YOUR TASK ->
The word "also" may appear in the records below. Report how many lines contain it, and write nothing besides the number.

*** SUPPLIED DATA ***

(* Let $F$ be a field, $n\in\mathbb N\cup\{\infty\}$, and let $\varphi$ be an almost identity PC-map of $\mathrm{UT}(n,F)$. Then $\varphi$ is a subcentral map: for every $a\in\mathrm{UT}(n,F)$, $\varphi(a)\in aC_2$. Concretely, if $n=\infty$ then $\varphi(a)=a$ for all $a$, and if $n$ is finite then $\varphi(a)_{ij}=a_{ij}$ for all $(i,j)\notin\{(1,n-1),(1,n),(2,n)\}$.
   Context: $\mathrm{UT}(n,F)$ is the group of upper unitriangular $n\times n$ matrices over $F$ (for $n=\infty$: all $\mathbb N\times\mathbb N$ matrices with $1$ on the diagonal and $0$ below it). $e$ is the identity, $e_{ij}$ the matrix unit, $t_{ij}(\alpha)=e+\alpha e_{ij}$ ($i<j$). $[x,y]=xyx^{-1}y^{-1}$. A PC-map is a bijection $\varphi$ of the group with $\varphi([x,y])=[\varphi(x),\varphi(y)]$ for all $x,y$; it is almost identity if $\varphi(t_{ij}(\alpha))=t_{ij}(\alpha)$ for all $i<j$, $\alpha\in F$. $C_2$ is the second center of $\mathrm{UT}(n,F)$ (the preimage of the center of $\mathrm{UT}(n,F)/C$, where $C$ is the center); it is trivial for $n=\infty$ and equals $\{t_{1\,n-1}(\alpha)t_{1n}(\beta)t_{2n}(\gamma):\alpha,\beta,\gamma\in F\}$ for finite $n\ge3$. A map $\psi$ is subcentral if $\psi(a)=af(a)$ for some function $f:\mathrm{UT}(n,F)\to C_2$. *)

theory Defs
  imports "HOL-Algebra.Group" "HOL-Library.Extended_Nat"
begin

text \<open>Matrices indexed by positive naturals 1,2,...; n :: enat, with n = \<infinity> meaning
  all N x N matrices. Entries outside the index range are 0 by convention.\<close>

type_synonym 'a mat = "nat \<Rightarrow> nat \<Rightarrow> 'a"

definition idx :: "enat \<Rightarrow> nat set" where
  "idx n = {i. 1 \<le> i \<and> enat i \<le> n}"

definition UT_carrier :: "enat \<Rightarrow> ('a::field) mat set" where
  "UT_carrier n = {A. (\<forall>i j. (i \<notin> idx n \<or> j \<notin> idx n) \<longrightarrow> A i j = 0)
                    \<and> (\<forall>i\<in>idx n. A i i = 1)
                    \<and> (\<forall>i j. j < i \<longrightarrow> A i j = 0)}"

definition ut_one :: "enat \<Rightarrow> ('a::field) mat" where
  "ut_one n = (\<lambda>i j. if i \<in> idx n \<and> i = j then 1 else 0)"

text \<open>Product of upper triangular matrices: the sum over k runs only over i..j, so it is
  finite also for n = \<infinity>.\<close>
definition ut_mult :: "enat \<Rightarrow> ('a::field) mat \<Rightarrow> 'a mat \<Rightarrow> 'a mat" where
  "ut_mult n A B = (\<lambda>i j. if i \<in> idx n \<and> j \<in> idx n then (\<Sum>k\<in>{i..j}. A i k * B k j) else 0)"

definition UT :: "enat \<Rightarrow> ('a::field) mat monoid" where
  "UT n = \<lparr>carrier = UT_carrier n, mult = ut_mult n, one = ut_one n\<rparr>"

definition ut_comm :: "enat \<Rightarrow> ('a::field) mat \<Rightarrow> 'a mat \<Rightarrow> 'a mat" where
  "ut_comm n x y = x \<otimes>\<^bsub>UT n\<^esub> y \<otimes>\<^bsub>UT n\<^esub> inv\<^bsub>UT n\<^esub> x \<otimes>\<^bsub>UT n\<^esub> inv\<^bsub>UT n\<^esub> y"

definition transv :: "enat \<Rightarrow> nat \<Rightarrow> nat \<Rightarrow> 'a::field \<Rightarrow> 'a mat" where
  "transv n i j \<alpha> = (\<lambda>k l. ut_one n k l + (if k = i \<and> l = j then \<alpha> else 0))"

definition PC_map :: "enat \<Rightarrow> (('a::field) mat \<Rightarrow> 'a mat) \<Rightarrow> bool" where
  "PC_map n \<phi> \<longleftrightarrow> bij_betw \<phi> (UT_carrier n) (UT_carrier n)
     \<and> (\<forall>x\<in>UT_carrier n. \<forall>y\<in>UT_carrier n. \<phi> (ut_comm n x y) = ut_comm n (\<phi> x) (\<phi> y))"

definition almost_identity :: "enat \<Rightarrow> (('a::field) mat \<Rightarrow> 'a mat) \<Rightarrow> bool" where
  "almost_identity n \<phi> \<longleftrightarrow>
     (\<forall>i\<in>idx n. \<forall>j\<in>idx n. \<forall>\<alpha>. i < j \<longrightarrow> \<phi> (transv n i j \<alpha>) = transv n i j \<alpha>)"

definition ut_center :: "enat \<Rightarrow> ('a::field) mat set" where
  "ut_center n = {z \<in> UT_carrier n. \<forall>x\<in>UT_carrier n. ut_mult n z x = ut_mult n x z}"

definition ut_center2 :: "enat \<Rightarrow> ('a::field) mat set" where
  "ut_center2 n = {z \<in> UT_carrier n. \<forall>x\<in>UT_carrier n. ut_comm n z x \<in> ut_center n}"

definition subcentral :: "enat \<Rightarrow> (('a::field) mat \<Rightarrow> 'a mat) \<Rightarrow> bool" where
  "subcentral n \<psi> \<longleftrightarrow> (\<exists>f. (\<forall>a\<in>UT_carrier n. f a \<in> ut_center2 n \<and> \<psi> a = ut_mult n a (f a)))"

end

theory Submission
  imports Defs
begin

text \<open>The commutator of Y with t_kl(1), commuted again with t_rs(c), is the column matrix
  e + sum_i c (Y_ik (Y^-1)_lr - [i = k][l = r]) e_is. As \<phi> preserves commutators and fixes
  transvections, \<phi>(Y) and Y yield the same such matrices, provided \<phi> also fixes these column
  matrices; the latter follows by induction on the length of the column. Reading off entries
  shows that \<phi>(Y) agrees with Y in every column j with j + 2 \<le> n, and that \<phi>(Y)^-1 agrees
  with Y^-1 at (l, r) for 2 \<le> l < r < n. For n = \<infinity> this is everything. For finite n = m,
  conjugating \<phi> by the automorphism x \<mapsto> x^-1 reflected in the antidiagonal transports these
  facts to rows \<ge> 3 of \<phi>(Y)^-1 and rows \<ge> 2 of \<phi>(Y); then Y Y^-1 = e recovers the last
  column below row 2. So \<phi>(Y) differs from Y only at (1, m-1), (1, m), (2, m), and a
  unitriangular matrix that is the identity off these positions lies in the second centre.\<close>

section \<open>The group of unitriangular matrices\<close>

lemma idx_downward: "j \<in> idx n \<Longrightarrow> 1 \<le> i \<Longrightarrow> i \<le> j \<Longrightarrow> i \<in> idx n"
  unfolding idx_def by (auto intro: order_trans[of "enat i" "enat j" n])

lemma idx_enat: "i \<in> idx (enat m) \<longleftrightarrow> 1 \<le> i \<and> i \<le> m"
  by (simp add: idx_def)

lemma UT_carrier_outside: "A \<in> UT_carrier n \<Longrightarrow> i \<notin> idx n \<or> j \<notin> idx n \<Longrightarrow> A i j = 0"
  unfolding UT_carrier_def by blast

lemma UT_carrier_diag: "A \<in> UT_carrier n \<Longrightarrow> i \<in> idx n \<Longrightarrow> A i i = 1"
  unfolding UT_carrier_def by blast

lemma UT_carrier_below: "A \<in> UT_carrier n \<Longrightarrow> j < i \<Longrightarrow> A i j = 0"
  unfolding UT_carrier_def by blast

lemma UT_carrier_lower: "A \<in> UT_carrier n \<Longrightarrow> j \<le> i \<Longrightarrow> A i j = ut_one n i j"
  unfolding ut_one_def
  by (metis UT_carrier_below UT_carrier_diag UT_carrier_outside le_neq_implies_less)

lemma UT_carrier_first_col: "A \<in> UT_carrier n \<Longrightarrow> 1 \<in> idx n \<Longrightarrow> A i 1 = (if i = 1 then 1 else 0)"
  by (cases "i = 0") (auto simp: UT_carrier_outside idx_def UT_carrier_lower ut_one_def)

lemma UT_carrier_last_row:
  assumes "A \<in> UT_carrier (enat m)" "1 \<le> m"
  shows "A m j = (if j = m then 1 else 0)"
  using assms UT_carrier_below[of A "enat m" j m] UT_carrier_diag[of A "enat m" m]
    UT_carrier_outside[of A "enat m" m j]
  by (cases j m rule: linorder_cases) (auto simp: idx_enat)

lemma ut_one_row: "i \<in> idx n \<Longrightarrow> ut_one n i j = (if i = j then 1 else 0)"
  by (simp add: ut_one_def)

lemma ut_one_col: "j \<in> idx n \<Longrightarrow> ut_one n i j = (if i = j then 1 else 0)"
  by (auto simp: ut_one_def)

lemma ut_one_closed: "ut_one n \<in> UT_carrier n"
  unfolding UT_carrier_def ut_one_def by auto

lemma ut_mult_apply:
  assumes "A \<in> UT_carrier n" "B \<in> UT_carrier n"
  shows "ut_mult n A B i j = (\<Sum>k\<in>{i..j}. A i k * B k j)"
proof (cases "i \<in> idx n \<and> j \<in> idx n")
  case True thus ?thesis by (simp add: ut_mult_def)
next
  case False
  have "(\<Sum>k\<in>{i..j}. A i k * B k j) = 0"
    by (rule sum.neutral) (use False UT_carrier_outside[OF assms(1)] UT_carrier_outside[OF assms(2)] in auto)
  thus ?thesis using False by (simp add: ut_mult_def)
qed

lemma ut_mult_closed:
  assumes "A \<in> UT_carrier n" "B \<in> UT_carrier n"
  shows "ut_mult n A B \<in> UT_carrier n"
  unfolding UT_carrier_def
proof (intro CollectI conjI allI impI ballI)
  fix i j assume "i \<notin> idx n \<or> j \<notin> idx n"
  thus "ut_mult n A B i j = 0" by (auto simp: ut_mult_def)
next
  fix i assume "i \<in> idx n"
  thus "ut_mult n A B i i = 1"
    using UT_carrier_diag[OF assms(1)] UT_carrier_diag[OF assms(2)] by (simp add: ut_mult_def)
next
  fix i j :: nat assume "j < i"
  thus "ut_mult n A B i j = 0" by (simp add: ut_mult_apply[OF assms])
qed

text \<open>Upper triangularity lets every partial sum range over all of {i..j}.\<close>
lemma ut_mult_assoc:
  assumes A: "A \<in> UT_carrier n" and B: "B \<in> UT_carrier n" and C: "C \<in> UT_carrier n"
  shows "ut_mult n (ut_mult n A B) C = ut_mult n A (ut_mult n B C)"
proof (intro ext)
  fix i j
  have left: "(\<Sum>h\<in>{i..k}. A i h * B h k) * C k j = (\<Sum>h\<in>{i..j}. A i h * B h k * C k j)"
    if "k \<in> {i..j}" for k
    unfolding sum_distrib_right
    by (rule sum.mono_neutral_left) (use that UT_carrier_below[OF B] in auto)
  have right: "A i h * (\<Sum>k\<in>{h..j}. B h k * C k j) = (\<Sum>k\<in>{i..j}. A i h * B h k * C k j)"
    if "h \<in> {i..j}" for h
    unfolding sum_distrib_left mult.assoc
    by (rule sum.mono_neutral_left) (use that UT_carrier_below[OF B] in auto)
  have "ut_mult n (ut_mult n A B) C i j = (\<Sum>k\<in>{i..j}. \<Sum>h\<in>{i..j}. A i h * B h k * C k j)"
    by (simp add: ut_mult_apply ut_mult_closed A B C left)
  also have "\<dots> = (\<Sum>h\<in>{i..j}. \<Sum>k\<in>{i..j}. A i h * B h k * C k j)"
    by (rule sum.swap)
  also have "\<dots> = ut_mult n A (ut_mult n B C) i j"
    by (simp add: ut_mult_apply ut_mult_closed A B C right)
  finally show "ut_mult n (ut_mult n A B) C i j = ut_mult n A (ut_mult n B C) i j" .
qed

lemma ut_mult_one_left:
  assumes A: "A \<in> UT_carrier n"
  shows "ut_mult n (ut_one n) A = A"
proof (intro ext)
  fix i j
  show "ut_mult n (ut_one n) A i j = A i j"
  proof (cases "i \<in> idx n")
    case True
    have "ut_mult n (ut_one n) A i j = (\<Sum>k\<in>{i..j}. (if i = k then A k j else 0))"
      using True by (intro trans[OF ut_mult_apply[OF ut_one_closed A]] sum.cong) (auto simp: ut_one_def)
    also have "\<dots> = A i j" using UT_carrier_below[OF A, of j i] by (auto simp: sum.delta)
    finally show ?thesis .
  next
    case False thus ?thesis by (simp add: ut_mult_def UT_carrier_outside[OF A])
  qed
qed

lemma ut_mult_one_right:
  assumes A: "A \<in> UT_carrier n"
  shows "ut_mult n A (ut_one n) = A"
proof (intro ext)
  fix i j
  show "ut_mult n A (ut_one n) i j = A i j"
  proof (cases "j \<in> idx n")
    case True
    have "ut_mult n A (ut_one n) i j = (\<Sum>k\<in>{i..j}. (if k = j then A i k else 0))"
      using True by (intro trans[OF ut_mult_apply[OF A ut_one_closed]] sum.cong) (auto simp: ut_one_def)
    also have "\<dots> = A i j" using UT_carrier_below[OF A, of j i] by (auto simp: sum.delta')
    finally show ?thesis .
  next
    case False thus ?thesis by (simp add: ut_mult_def UT_carrier_outside[OF A])
  qed
qed

function ut_inv_entry :: "('a::field) mat \<Rightarrow> nat \<Rightarrow> nat \<Rightarrow> 'a" where
  "ut_inv_entry A i j =
     (if j < i then 0 else if j = i then 1 else - (\<Sum>k\<in>{i..<j}. ut_inv_entry A i k * A k j))"
  by auto
termination by (relation "measure (\<lambda>(A, i, j). j)") auto

declare ut_inv_entry.simps [simp del]

definition ut_inv_mat :: "enat \<Rightarrow> ('a::field) mat \<Rightarrow> 'a mat" where
  "ut_inv_mat n A = (\<lambda>i j. if i \<in> idx n \<and> j \<in> idx n then ut_inv_entry A i j else 0)"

*** End of SUPPLIED DATA ***

RESPONSE TO THIS TASK ->
6